Approximately one year after the Disneyland measles outbreak that affected 131 people, California Health officials say they are investigating a child diagnosed with measles in Nevada County. The unvaccinated child showed symptoms of measles after returning to California from travel overseas. The child has fully recovered but many persons have been exposed including other unvaccinated students at the child’s school.
“As the state’s public health officer, it’s concerning to receive a report of a child with measles because it’s a disease that can easily be prevented,” said California Department of Public Health (CDPH) Director and State Public Health Officer Dr. Karen Smith “Immunization is the best way to protect against measles. Two doses of the Measles, Mumps, and Rubella vaccine are approximately 97 percent effective at preventing disease in exposed persons.”
Measles is a highly contagious viral disease that is spread through the air when a person who is ill with the disease coughs or sneezes. Symptoms begin with a fever, cough, and a runny nose, as well as red and watery eyes. These symptoms are followed by a rash that typically appears first on the face, along the hairline, or behind the ears and spreads to the rest of the body.
People with measles are usually contagious for about nine days, including the four days before their rash starts, the day of rash onset and ending four days after.

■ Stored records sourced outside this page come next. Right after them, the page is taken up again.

lemma outcome_prob_eq_reach_prob_obtainset:
  assumes \<sigma>: "is_strategy S A \<sigma>" and "F \<subseteq> T" "z \<in> T" "z \<notin> F" "\<forall>s\<in>F. r s \<noteq> 0"
    and stops: "reach_prob s0 \<delta> \<sigma> (F \<union> {z}) = 1"
  shows "outcome_prob s0 \<delta> \<sigma> F r ov = reach_prob s0 \<delta> \<sigma> (obtainset F r z ov)"
proof (cases "ov = 0")
  case True
  \<comment> \<open>outcome 0 means not being in F; stopping turns the missing mass into the mass reaching z\<close>
  have "reach_prob s0 \<delta> \<sigma> (F \<union> {z}) = reach_prob s0 \<delta> \<sigma> F + reach_prob s0 \<delta> \<sigma> {z}"
    using assms by (intro reach_prob_Un) auto
  with True assms show ?thesis
    by (simp add: outcome_prob_zero obtainset_def)
next
  case False
  with assms show ?thesis
    by (simp add: outcome_prob_nonzero obtainset_def)
qed

lemma sum_reach_prob_obtainset:
  assumes \<sigma>: "is_strategy S A \<sigma>" and "F \<subseteq> T" "z \<in> T" "z \<notin> F" "\<forall>s\<in>F. r s \<noteq> 0"
  shows "(\<Sum>ov\<in>r ` F \<union> {0}. reach_prob s0 \<delta> \<sigma> (obtainset F r z ov)) = reach_prob s0 \<delta> \<sigma> (F \<union> {z})"
proof -
  have "finite F"
    using assms T_subset finite_S by (blast intro: finite_subset)
  then have "(\<Sum>ov\<in>r ` F \<union> {0}. reach_prob s0 \<delta> \<sigma> (obtainset F r z ov)) =
      reach_prob s0 \<delta> \<sigma> (\<Union>ov\<in>r ` F \<union> {0}. obtainset F r z ov)"
    using assms
    by (intro reach_prob_UN[OF \<sigma>, symmetric]) (auto simp: obtainset_def disjoint_family_on_def)
  also have "(\<Union>ov\<in>r ` F \<union> {0}. obtainset F r z ov) = F \<union> {z}"
    using assms by (auto simp: obtainset_def split: if_splits)
  finally show ?thesis .
qed

end

lemma set_outcomes: "finite F \<Longrightarrow> set (outcomes F r) = r ` F \<union> {0}"
  unfolding outcomes_def by (simp only: finite_Un finite_imageI finite.intros set_sorted_list_of_set)

lemma distinct_outcomes: "distinct (outcomes F r)"
  unfolding outcomes_def by (rule distinct_sorted_list_of_set)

Complications can include diarrhea, ear infections and pneumonia. Severe complications can be fatal. Infants, pregnant women and people with weakened immune systems are more at risk of complications from measles.
Two doses of the Measles, Mumps, and Rubella (MMR) vaccine are recommended for school-aged children. It’s recommended that children get their first dose of MMR vaccine at 12 to 15 months of age. The second dose of MMR vaccine is usually given at four to six years of age, but may be given sooner.
All persons who travel internationally outside of North or South America should ensure that they receive adequate MMR vaccination. Adults and children older than or at 12 months of age should receive two doses of MMR vaccine separated by at least 28 days. Infants 6 – 11 months of age who are traveling abroad should receive one dose of MMR vaccine (although they will still need two doses of MMR vaccine after their first birthday).